In this section, we evaluate the performance of the proposed logistic regression method with Bayesian regularization using a Laplace prior against the sparse logistic regression method of Shevade and Keerthi (2003), on which it is based, and the RVM (Tipping, 2001), which represents the most direct competing approach. The performance of all three classifiers are evaluated over two commonly used benchmark datasets: the colon cancer dataset, introduced by Alon et al. (1999) and the leukaemia dataset introduced by Golub et al. (1999). Sections 4.1–4.3 outline key aspects of the experimental methodology, the experimental results are given in Sections 4.4 and 4.5.

### 4.1 Performance evaluation

Cross-validation (Stone, 1974) is a commonly used procedure for evaluating the quality of statistical models. In k-fold cross-validations, the available data are partitioned into k disjoint sub-sets of approximately equal size. A set of k classifiers is then constructed; each classifier is trained on a different combination of k−1 sub-sets and tested on the remaining sub-set. The average test performance of the k classifiers generally provides a good estimate of the generalization performance of a single classifier trained on the entire dataset. Cross-validation is especially attractive in applications with relatively limited amounts of data as all observations are used as both training and test data. The most extreme form of cross-validation, where each partition contains a single pattern, is known as leave-one-out cross-validation, and has been shown to provide an almost unbiased estimate of the true test error (Luntz and Brailovsky, 1969). Leave-one-out cross-validation is rarely used in performance evaluation owing its high computational expense, but also because is has been observed to exhibit a higher variance than conventional k-fold cross-validation (Kohavi, 1995). However, if the amount of available data are severely limited, leave-one-out cross-validation becomes the more attractive option, and not only because the computational expense involved becomes less of an issue. In these circumstances, k-fold cross-validation can also exhibit a high variance because more data are held out for testing in each fold, and the classifiers may then have too little data to form a stable decision rule (i.e. a small change in the training data may lead to a significant change in the decision rule). The estimator then becomes sensitive to issues such as the partitioning of the data. In microarray analysis, we typically have only a few tens or hundreds of training patterns with a few thousand features. We therefore use leave-one-out cross-validation as it is likely to provide a more reliable indicator of generalization performance than five- or ten-fold cross-validation.

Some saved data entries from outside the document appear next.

lemma expected_descent_at:
  assumes "0 < k" "0 \<le> \<eta>" "Lb * \<eta> \<le> 2"
  shows "(\<integral>\<^sup>+\<omega>. ennreal (F (x - (\<eta> / k) *\<^sub>R (\<Sum>i<k. G (\<xi> t i \<omega>) x)) - fstar
              + (\<eta> - Lb * \<eta>\<^sup>2 / 2) * (norm (gF x))\<^sup>2) \<partial>PS)
         \<le> ennreal (F x - fstar + Lb * \<eta>\<^sup>2 * \<sigma>\<^sup>2 / (2 * real k))"
proof -
  define a where "a = \<eta> / k"
  define S where "S \<omega> = (\<Sum>i<k. G (\<xi> t i \<omega>) x)" for \<omega>
  define Q where "Q \<omega> = F x - fstar - a * (gF x \<bullet> S \<omega>) + Lb / 2 * a\<^sup>2 * (norm (S \<omega>))\<^sup>2" for \<omega>
  define c where "c = (\<eta> - Lb * \<eta>\<^sup>2 / 2) * (norm (gF x))\<^sup>2"
  have pointwise: "F (x - a *\<^sub>R S \<omega>) - fstar \<le> Q \<omega>" for \<omega>
    using descent[where x = x and y = "x - a *\<^sub>R S \<omega>"] by (simp add: Q_def power_mult_distrib)
  have integrable_S: "integrable PS (\<lambda>\<omega>. gF x \<bullet> S \<omega>)" "integrable PS (\<lambda>\<omega>. (norm (S \<omega>))\<^sup>2)"
    unfolding S_def using integrable_sq_norm_minibatch integrable_G_sample
    by (auto simp: inner_sum_right)
  then have integrable_Q: "integrable PS Q"
    unfolding Q_def by auto
  have "(\<integral>\<omega>. gF x \<bullet> S \<omega> \<partial>PS) = k * (norm (gF x))\<^sup>2"
    unfolding S_def by (simp add: integral_inner_minibatch power2_norm_eq_inner)
  then have "(\<integral>\<omega>. Q \<omega> \<partial>PS) = F x - fstar - a * k * (norm (gF x))\<^sup>2 + Lb / 2 * a\<^sup>2 * (\<integral>\<omega>. (norm (S \<omega>))\<^sup>2 \<partial>PS)"
    unfolding Q_def using integrable_S by (simp add: prob_space)
  also have "\<dots> \<le> F x - fstar - a * k * (norm (gF x))\<^sup>2 + Lb / 2 * a\<^sup>2 * ((real k)\<^sup>2 * (norm (gF x))\<^sup>2 + real k * \<sigma>\<^sup>2)"
    unfolding S_def using Lb_nonneg by (intro add_left_mono mult_left_mono integral_sq_norm_minibatch_le) auto
  also have "\<dots> = F x - fstar - c + Lb * \<eta>\<^sup>2 * \<sigma>\<^sup>2 / (2 * real k)"
    unfolding a_def c_def using assms by (simp add: field_simps power2_eq_square)
  finally have integral_Q: "(\<integral>\<omega>. Q \<omega> + c \<partial>PS) \<le> F x - fstar + Lb * \<eta>\<^sup>2 * \<sigma>\<^sup>2 / (2 * real k)"
    using integrable_Q by (simp add: prob_space)
  have "(\<integral>\<^sup>+\<omega>. ennreal (F (x - a *\<^sub>R S \<omega>) - fstar + c) \<partial>PS) \<le> (\<integral>\<^sup>+\<omega>. ennreal (Q \<omega> + c) \<partial>PS)"
    using pointwise by (intro nn_integral_mono ennreal_leI) simp
  also have "\<dots> = ennreal (\<integral>\<omega>. Q \<omega> + c \<partial>PS)"
  proof (rule nn_integral_eq_integral)
    have "0 \<le> c" unfolding c_def using descent_coefficient_nonneg[OF assms(2,3)] by simp
    then have "0 \<le> Q \<omega> + c" for \<omega>
      using pointwise[of \<omega>] lower_bound[of "x - a *\<^sub>R S \<omega>"] by linarith
    then show "AE \<omega> in PS. 0 \<le> Q \<omega> + c" by simp
  qed (use integrable_Q in auto)
  also have "\<dots> \<le> ennreal (F x - fstar + Lb * \<eta>\<^sup>2 * \<sigma>\<^sup>2 / (2 * real k))"
    using integral_Q by (rule ennreal_leI)
  finally show ?thesis unfolding a_def S_def c_def .
qed

text \<open>Conditioning on the past: the iterate is a measurable function of the samples of earlier
  steps, which are independent of the current batch, so the bound at a fixed point integrates.\<close>
lemma expected_descent_step_combined:
  assumes "0 < b t" "0 \<le> \<eta> t" "Lb * \<eta> t \<le> 2"
  shows "(\<integral>\<^sup>+\<omega>. ennreal (F (sgd_iter \<theta>0 \<eta> b G \<xi> (Suc t) \<omega>) - fstar
              + (\<eta> t - Lb * (\<eta> t)\<^sup>2 / 2) * (norm (gF (sgd_iter \<theta>0 \<eta> b G \<xi> t \<omega>)))\<^sup>2) \<partial>PS)
       \<le> (\<integral>\<^sup>+\<omega>. ennreal (F (sgd_iter \<theta>0 \<eta> b G \<xi> t \<omega>) - fstar + Lb * (\<eta> t)\<^sup>2 * \<sigma>\<^sup>2 / (2 * real (b t))) \<partial>PS)"
proof -
  define I1 where "I1 = {p :: nat \<times> nat. fst p < t}"
  define I2 where "I2 = {p :: nat \<times> nat. fst p = t}"
  define past where "past \<omega> = restrict (\<lambda>p. (\<lambda>(s, i). \<xi> s i) p \<omega>) I1" for \<omega>
  define batch where "batch \<omega> = restrict (\<lambda>p. (\<lambda>(s, i). \<xi> s i) p \<omega>) I2" for \<omega>
  define \<Theta> where "\<Theta> = sgd_of_samples \<theta>0 \<eta> b G t"
  define next_iter where
    "next_iter p = \<Theta> (fst p) - (\<eta> t / real (b t)) *\<^sub>R (\<Sum>i<b t. G (snd p (t, i)) (\<Theta> (fst p)))" for p
  define H where "H p = ennreal (F (next_iter p) - fstar
    + (\<eta> t - Lb * (\<eta> t)\<^sup>2 / 2) * (norm (gF (\<Theta> (fst p))))\<^sup>2)" for p
  have indep: "indep_var (PiM I1 (\<lambda>_. D)) past (PiM I2 (\<lambda>_. D)) batch"
    unfolding past_def batch_def I1_def I2_def by (rule indep_var_restrict[OF samples_indep]) auto
  have \<Theta>_measurable: "\<Theta> \<in> borel_measurable (PiM I1 (\<lambda>_. D))"
    unfolding \<Theta>_def I1_def by (rule sgd_of_samples_measurable) simp
  have iter_t: "sgd_iter \<theta>0 \<eta> b G \<xi> t \<omega> = \<Theta> (past \<omega>)" for \<omega>
    unfolding \<Theta>_def past_def I1_def by (rule sgd_iter_eq_sgd_of_samples) simp
  have iter_Suc: "sgd_iter \<theta>0 \<eta> b G \<xi> (Suc t) \<omega> = next_iter (past \<omega>, batch \<omega>)" for \<omega>
    by (simp add: next_iter_def iter_t batch_def I2_def)
  have "(\<lambda>p. G (snd p (t, i)) (\<Theta> (fst p))) \<in> borel_measurable (PiM I1 (\<lambda>_. D) \<Otimes>\<^sub>M PiM I2 (\<lambda>_. D))" for i
    using \<Theta>_measurable
    by (intro measurable_G measurable_compose[OF measurable_snd measurable_component_singleton]
        measurable_compose[OF measurable_fst]) (auto simp: I2_def)
  then have "H \<in> borel_measurable (PiM I1 (\<lambda>_. D) \<Otimes>\<^sub>M PiM I2 (\<lambda>_. D))"
    unfolding H_def next_iter_def
    using \<Theta>_measurable F_measurable gF_measurable by measurable
  then have "(\<integral>\<^sup>+\<omega>. H (past \<omega>, batch \<omega>) \<partial>PS)
      \<le> (\<integral>\<^sup>+\<omega>. ennreal (F (\<Theta> (past \<omega>)) - fstar + Lb * (\<eta> t)\<^sup>2 * \<sigma>\<^sup>2 / (2 * real (b t))) \<partial>PS)"
  proof (rule nn_integral_indep_var_le[OF indep])
    show "(\<lambda>a. ennreal (F (\<Theta> a) - fstar + Lb * (\<eta> t)\<^sup>2 * \<sigma>\<^sup>2 / (2 * real (b t))))
        \<in> borel_measurable (PiM I1 (\<lambda>_. D))"
      using \<Theta>_measurable F_measurable by measurable
    show "(\<integral>\<^sup>+\<omega>. H (a, batch \<omega>) \<partial>PS) \<le> ennreal (F (\<Theta> a) - fstar + Lb * (\<eta> t)\<^sup>2 * \<sigma>\<^sup>2 / (2 * real (b t)))"
      for a
      unfolding H_def next_iter_def
      using expected_descent_at[OF assms, of "\<Theta> a" t] by (simp add: batch_def I2_def)
  qed
  then show ?thesis by (simp add: H_def flip: iter_Suc iter_t del: sgd_iter.simps)
qed
lemma ternary_period_spec:
  assumes "\<exists>k>0. \<exists>N. \<forall>i\<ge>N. ternary_digit x (i + k) = ternary_digit x i"
  shows "ternary_period x > 0" and "\<exists>N. frac (3 ^ N * x) = frac (3 ^ (N + ternary_period x) * x)"
proof -
  let ?P = "ternary_period x"
  have "?P > 0 \<and> (\<exists>N. \<forall>i\<ge>N. ternary_digit x (i + ?P) = ternary_digit x i)"
    unfolding ternary_period_def by (rule LeastI_ex) (use assms in blast)
  then obtain N where "?P > 0" and periodic: "\<forall>i\<ge>N. ternary_digit x (i + ?P) = ternary_digit x i"
    by blast
  show "?P > 0" by fact
  have "ternary_digit x (N + k) = ternary_digit x (N + ?P + k)" for k
    using periodic[rule_format, of "N + k"] by (simp add: ac_simps)
  then show "\<exists>N. frac (3 ^ N * x) = frac (3 ^ (N + ?P) * x)"
    using frac_eq_if_ternary_digit_shift by blast
qed

lemma denominator_dvd_if_frac_mult_eq:
  fixes p :: int and q a b :: nat
  assumes "q > 0" "coprime p (int q)"
    and "frac (real a * (of_int p / real q)) = frac (real b * (of_int p / real q))"
  shows "int q dvd int b - int a"
proof -
  define z where "z = \<lfloor>real b * (of_int p / real q)\<rfloor> - \<lfloor>real a * (of_int p / real q)\<rfloor>"
  have "real b * (of_int p / real q) - real a * (of_int p / real q) = of_int z"
    using assms(3) by (simp add: frac_def z_def)
  then have "real_of_int ((int b - int a) * p) = real_of_int (int q * z)"
    using assms(1) by (simp add: field_simps)
  then have "int q dvd (int b - int a) * p" by (simp only: of_int_eq_iff) simp
  with assms(2) show ?thesis
    by (metis coprime_commute coprime_dvd_mult_left_iff)
qed

lemma ternary_period_rat_pos:
  fixes p :: int and q :: nat
  assumes "q > 0"
  shows "ternary_period (of_int p / real q) > 0"
  using ternary_period_spec(1)[OF ternary_digits_eventually_periodic[OF assms]] .

lemma denominator_dvd_three_pow_period:
  fixes p :: int and q :: nat
  assumes "q > 0" "coprime p (int q)"
  shows "\<exists>N. q dvd 3 ^ N * (3 ^ ternary_period (of_int p / real q) - 1)"
proof -
  define P where "P = ternary_period (of_int p / real q)"
  obtain N where "frac (3 ^ N * (of_int p / real q)) = frac (3 ^ (N + P) * (of_int p / real q))"
    using ternary_period_spec(2)[OF ternary_digits_eventually_periodic[OF assms(1)]]
    unfolding P_def by blast
  then have "int q dvd int (3 ^ (N + P)) - int (3 ^ N)"
    using denominator_dvd_if_frac_mult_eq[OF assms, of "3 ^ N" "3 ^ (N + P)"] by simp
  moreover have "int (3 ^ (N + P)) - int (3 ^ N) = int (3 ^ N * (3 ^ P - 1))"
    by (simp add: power_add right_diff_distrib of_nat_diff)
  ultimately show ?thesis unfolding P_def by (metis int_dvd_int_iff)
qed

lemma dvd_prime_power_mult_split:
  fixes r q M :: nat
  assumes "prime r" "q > 0" "q dvd r ^ N * M"
  shows "\<exists>a d. q = r ^ a * d \<and> d dvd M"
proof -
  have "q \<noteq> 0" "\<not> is_unit r" using assms(1,2) by (auto simp: not_prime_unit)
  then obtain d where d: "q = r ^ multiplicity r q * d" "\<not> r dvd d"
    by (rule multiplicity_decompose')
  have "coprime r d" using assms(1) d(2) by (rule prime_imp_coprime)
  then have "coprime d (r ^ N)" by (simp add: coprime_commute)
  moreover have "d dvd r ^ N * M" using assms(3) d(1) by (metis dvd_mult_right)
  ultimately have "d dvd M" by (simp add: coprime_dvd_mult_right_iff)
  with d(1) show ?thesis by blast
qed

lemma ternary_sum_bounds:
  fixes a :: "nat \<Rightarrow> nat"
  assumes "\<And>i. a i \<le> 2"
  shows "(\<Sum>i<n. real (a i) / 3 ^ Suc i) \<le> (\<Sum>i. real (a i) / 3 ^ Suc i)"
    and "(\<Sum>i. real (a i) / 3 ^ Suc i) \<le> (\<Sum>i<n. real (a i) / 3 ^ Suc i) + 1 / 3 ^ n"
proof -
  define f where "f = (\<lambda>i. real (a i) / 3 ^ Suc i)"
  define g where "g = (\<lambda>i. (1 / 3 ^ n) * ((2 / 3) * (1 / 3 :: real) ^ i))"
  have f_le_g: "f (i + n) \<le> g i" for i
  proof -
    have "f (i + n) \<le> 2 / 3 ^ Suc (i + n)"
      unfolding f_def using assms[of "i + n"] by (intro divide_right_mono) auto
    also have "\<dots> = g i" by (simp add: g_def power_add power_one_over)
    finally show ?thesis .
  qed
  have g_sums: "g sums (1 / 3 ^ n)"
    using sums_mult[OF sums_mult[OF geometric_sums[of "1 / 3 :: real"]], of "2 / 3" "1 / 3 ^ n"]
    by (simp add: g_def mult_ac)
  have "summable (\<lambda>i. f (i + n))"
    by (rule summable_comparison_test[OF _ sums_summable[OF g_sums]]) (use f_le_g in \<open>auto simp: f_def\<close>)
  then have "summable f" by (rule summable_iff_shift[THEN iffD1])
  then have "suminf f = (\<Sum>i. f (i + n)) + (\<Sum>i<n. f i)"
    by (rule suminf_split_initial_segment)
  moreover have "0 \<le> (\<Sum>i. f (i + n))"
    using \<open>summable (\<lambda>i. f (i + n))\<close> by (intro suminf_nonneg) (auto simp: f_def)
  moreover have "(\<Sum>i. f (i + n)) \<le> 1 / 3 ^ n"
    using sums_le[of "\<lambda>i. f (i + n)" g, OF f_le_g summable_sums g_sums]
      \<open>summable (\<lambda>i. f (i + n))\<close> by blast
  ultimately show "(\<Sum>i<n. real (a i) / 3 ^ Suc i) \<le> (\<Sum>i. real (a i) / 3 ^ Suc i)"
    and "(\<Sum>i. real (a i) / 3 ^ Suc i) \<le> (\<Sum>i<n. real (a i) / 3 ^ Suc i) + 1 / 3 ^ n"
    unfolding f_def by linarith+
qed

### 4.2 The relevance vector machine

The RVM is included in the evaluation as it implements a logistic regression model, where the amount of regularization applied and the degree of sparsity obtained are also governed within a Bayesian framework, rather than by an explicit parameter which must be tuned by the user. The algorithm therefore generates a model of the same form as the proposed method, also without the need for a model selection stage to choose good settings for any hyper-parameters. The RVM, however, is based on a separable Gaussian prior over the model parameters, with a distinct regularization parameter for each weight. The regularization parameters are adjusted so as to maximize the marginal likelihood of the model, which tends to force the values of redundant weights strongly towards zero, so that they can be identified and pruned from the model, via a process known as automatic relevance determination (ARD). The implementation used here is based on the fast marginal likelihood approach described by Faul and Tippline (2002, 2003), however rather than re-fitting the Laplace approximation after each update of a regularization, it is only updated when a significant increase in the marginal likelihood is no longer possible via updates of the regularization parameters. This strategy was found to be considerably faster in practice.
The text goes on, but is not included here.